▶ [PROBLEM DESCRIPTION] Please give the data again in full, exactly as it reads.

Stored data
-=-=-

text \<open>Multiply every character by the vacuum factor \<open>q^{c/24}\<close>, \<open>q = e^{2\<pi>i\<tau>}\<close>. Since
  \<open>h\<^sub>a > 0 = h\<^sub>1\<close> for \<open>a \<noteq> 1\<close>, as \<open>Im \<tau> \<rightarrow> \<infinity>\<close> the rescaled vacuum character tends to
  \<open>N\<^sub>1\<^sub>0 = 1\<close> and all others to \<open>0\<close>. The points \<open>ix + 1/n\<close> and \<open>ix\<close> approach the cusp
  as \<open>x \<rightarrow> \<infinity>\<close>; the points \<open>iy\<close> and \<open>iy - 1/n\<close> are moved there by \<open>S\<close> and \<open>S T\<^sup>n S\<close>,
  after which only the vacuum survives and leaves \<open>S\<^sub>1\<^sub>1 > 0\<close> and
  \<open>\<Sum>\<^sub>b S\<^sub>1\<^sub>b T\<^sub>b\<^sub>b\<^sup>n S\<^sub>b\<^sub>1 = e^{-2\<pi>inc/24} \<Sum>\<^sub>a d\<^sub>a\<^sup>2 \<theta>\<^sub>a\<^sup>n / D\<^sup>2\<close>. The four vacuum factors
  combine into \<open>e^{-2\<pi>i(2/n)c/24}\<close> times a positive real number, invisible to the phase.\<close>

lemma qexp_leading_term:
  fixes f :: "complex \<Rightarrow> complex" and a :: "nat \<Rightarrow> complex" and e :: real
  assumes qexp: "\<And>\<tau>. Im \<tau> > 0 \<Longrightarrow>
      (\<lambda>k. a k * exp (2 * pi * \<i> * \<tau> * complex_of_real (e + real k))) sums f \<tau>"
    and lim: "filterlim (\<lambda>p. Im (\<tau> p)) at_top F"
  shows "((\<lambda>p. f (\<tau> p) * exp (- (2 * pi * \<i> * \<tau> p * complex_of_real e))) \<longlongrightarrow> a 0) F"
proof -
  define P where "P w = (\<Sum>k. a k * w ^ k)" for w :: complex
  have power_series: "(\<lambda>k. a k * exp (2 * pi * \<i> * t) ^ k)
      sums (f t * exp (- (2 * pi * \<i> * t * complex_of_real e)))" if "Im t > 0" for t
  proof -
    have "exp (2 * pi * \<i> * t * complex_of_real (e + real k)) * exp (- (2 * pi * \<i> * t * complex_of_real e))
        = exp (2 * pi * \<i> * t) ^ k" for k
      by (simp add: exp_add[symmetric] exp_of_nat_mult[symmetric] algebra_simps)
    then have shift: "a k * exp (2 * pi * \<i> * t * complex_of_real (e + real k)) * exp (- (2 * pi * \<i> * t * complex_of_real e))
        = a k * exp (2 * pi * \<i> * t) ^ k" for k
      by (simp only: mult.assoc)
    moreover have "(\<lambda>k. a k * exp (2 * pi * \<i> * t * complex_of_real (e + real k))
        * exp (- (2 * pi * \<i> * t * complex_of_real e)))
        sums (f t * exp (- (2 * pi * \<i> * t * complex_of_real e)))"
      by (rule sums_mult2[OF qexp[OF that]])
    ultimately show ?thesis by (simp only: shift)
  qed
  then have "f t * exp (- (2 * pi * \<i> * t * complex_of_real e)) = P (exp (2 * pi * \<i> * t))"
    if "Im t > 0" for t
    using that by (simp add: P_def sums_iff)
  moreover have "\<forall>\<^sub>F p in F. Im (\<tau> p) > 0"
    using lim by (simp add: filterlim_at_top_dense)
  ultimately have eq: "\<forall>\<^sub>F p in F.
      P (exp (2 * pi * \<i> * \<tau> p)) = f (\<tau> p) * exp (- (2 * pi * \<i> * \<tau> p * complex_of_real e))"
    by (auto elim: eventually_mono)
  have "summable (\<lambda>k. a k * exp (2 * pi * \<i> * \<i>) ^ k)"
    using power_series[of \<i>] by (simp add: sums_iff)
  then have "isCont P 0"
    unfolding P_def by (rule isCont_powser) simp
  moreover have "((\<lambda>p. exp (2 * pi * \<i> * \<tau> p)) \<longlongrightarrow> 0) F"
  proof -
    have "((\<lambda>t. exp (- 2 * pi * t)) \<longlongrightarrow> 0) at_top" by real_asymp
    then have "((\<lambda>p. exp (- 2 * pi * Im (\<tau> p))) \<longlongrightarrow> 0) F"
      using filterlim_compose[OF _ lim] by blast
    then show ?thesis
      by (subst tendsto_norm_zero_iff[symmetric]) simp
  qed
  ultimately have "((\<lambda>p. P (exp (2 * pi * \<i> * \<tau> p))) \<longlongrightarrow> P 0) F"
    by (rule isCont_tendsto_compose)
  moreover have "P 0 = a 0"
    unfolding P_def using powser_zero[of a] by simp
  ultimately show ?thesis
    using Lim_transform_eventually[OF _ eq] by simp
qed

-=-=-

▶ [TASK SOLUTION]
text \<open>Multiply every character by the vacuum factor \<open>q^{c/24}\<close>, \<open>q = e^{2\<pi>i\<tau>}\<close>. Since
  \<open>h\<^sub>a > 0 = h\<^sub>1\<close> for \<open>a \<noteq> 1\<close>, as \<open>Im \<tau> \<rightarrow> \<infinity>\<close> the rescaled vacuum character tends to
  \<open>N\<^sub>1\<^sub>0 = 1\<close> and all others to \<open>0\<close>. The points \<open>ix + 1/n\<close> and \<open>ix\<close> approach the cusp
  as \<open>x \<rightarrow> \<infinity>\<close>; the points \<open>iy\<close> and \<open>iy - 1/n\<close> are moved there by \<open>S\<close> and \<open>S T\<^sup>n S\<close>,
  after which only the vacuum survives and leaves \<open>S\<^sub>1\<^sub>1 > 0\<close> and
  \<open>\<Sum>\<^sub>b S\<^sub>1\<^sub>b T\<^sub>b\<^sub>b\<^sup>n S\<^sub>b\<^sub>1 = e^{-2\<pi>inc/24} \<Sum>\<^sub>a d\<^sub>a\<^sup>2 \<theta>\<^sub>a\<^sup>n / D\<^sup>2\<close>. The four vacuum factors
  combine into \<open>e^{-2\<pi>i(2/n)c/24}\<close> times a positive real number, invisible to the phase.\<close>

lemma qexp_leading_term:
  fixes f :: "complex \<Rightarrow> complex" and a :: "nat \<Rightarrow> complex" and e :: real
  assumes qexp: "\<And>\<tau>. Im \<tau> > 0 \<Longrightarrow>
      (\<lambda>k. a k * exp (2 * pi * \<i> * \<tau> * complex_of_real (e + real k))) sums f \<tau>"
    and lim: "filterlim (\<lambda>p. Im (\<tau> p)) at_top F"
  shows "((\<lambda>p. f (\<tau> p) * exp (- (2 * pi * \<i> * \<tau> p * complex_of_real e))) \<longlongrightarrow> a 0) F"
proof -
  define P where "P w = (\<Sum>k. a k * w ^ k)" for w :: complex
  have power_series: "(\<lambda>k. a k * exp (2 * pi * \<i> * t) ^ k)
      sums (f t * exp (- (2 * pi * \<i> * t * complex_of_real e)))" if "Im t > 0" for t
  proof -
    have "exp (2 * pi * \<i> * t * complex_of_real (e + real k)) * exp (- (2 * pi * \<i> * t * complex_of_real e))
        = exp (2 * pi * \<i> * t) ^ k" for k
      by (simp add: exp_add[symmetric] exp_of_nat_mult[symmetric] algebra_simps)
    then have shift: "a k * exp (2 * pi * \<i> * t * complex_of_real (e + real k)) * exp (- (2 * pi * \<i> * t * complex_of_real e))
        = a k * exp (2 * pi * \<i> * t) ^ k" for k
      by (simp only: mult.assoc)
    moreover have "(\<lambda>k. a k * exp (2 * pi * \<i> * t * complex_of_real (e + real k))
        * exp (- (2 * pi * \<i> * t * complex_of_real e)))
        sums (f t * exp (- (2 * pi * \<i> * t * complex_of_real e)))"
      by (rule sums_mult2[OF qexp[OF that]])
    ultimately show ?thesis by (simp only: shift)
  qed
  then have "f t * exp (- (2 * pi * \<i> * t * complex_of_real e)) = P (exp (2 * pi * \<i> * t))"
    if "Im t > 0" for t
    using that by (simp add: P_def sums_iff)
  moreover have "\<forall>\<^sub>F p in F. Im (\<tau> p) > 0"
    using lim by (simp add: filterlim_at_top_dense)
  ultimately have eq: "\<forall>\<^sub>F p in F.
      P (exp (2 * pi * \<i> * \<tau> p)) = f (\<tau> p) * exp (- (2 * pi * \<i> * \<tau> p * complex_of_real e))"
    by (auto elim: eventually_mono)
  have "summable (\<lambda>k. a k * exp (2 * pi * \<i> * \<i>) ^ k)"
    using power_series[of \<i>] by (simp add: sums_iff)
  then have "isCont P 0"
    unfolding P_def by (rule isCont_powser) simp
  moreover have "((\<lambda>p. exp (2 * pi * \<i> * \<tau> p)) \<longlongrightarrow> 0) F"
  proof -
    have "((\<lambda>t. exp (- 2 * pi * t)) \<longlongrightarrow> 0) at_top" by real_asymp
    then have "((\<lambda>p. exp (- 2 * pi * Im (\<tau> p))) \<longlongrightarrow> 0) F"
      using filterlim_compose[OF _ lim] by blast
    then show ?thesis
      by (subst tendsto_norm_zero_iff[symmetric]) simp
  qed
  ultimately have "((\<lambda>p. P (exp (2 * pi * \<i> * \<tau> p))) \<longlongrightarrow> P 0) F"
    by (rule isCont_tendsto_compose)
  moreover have "P 0 = a 0"
    unfolding P_def using powser_zero[of a] by simp
  ultimately show ?thesis
    using Lim_transform_eventually[OF _ eq] by simp
qed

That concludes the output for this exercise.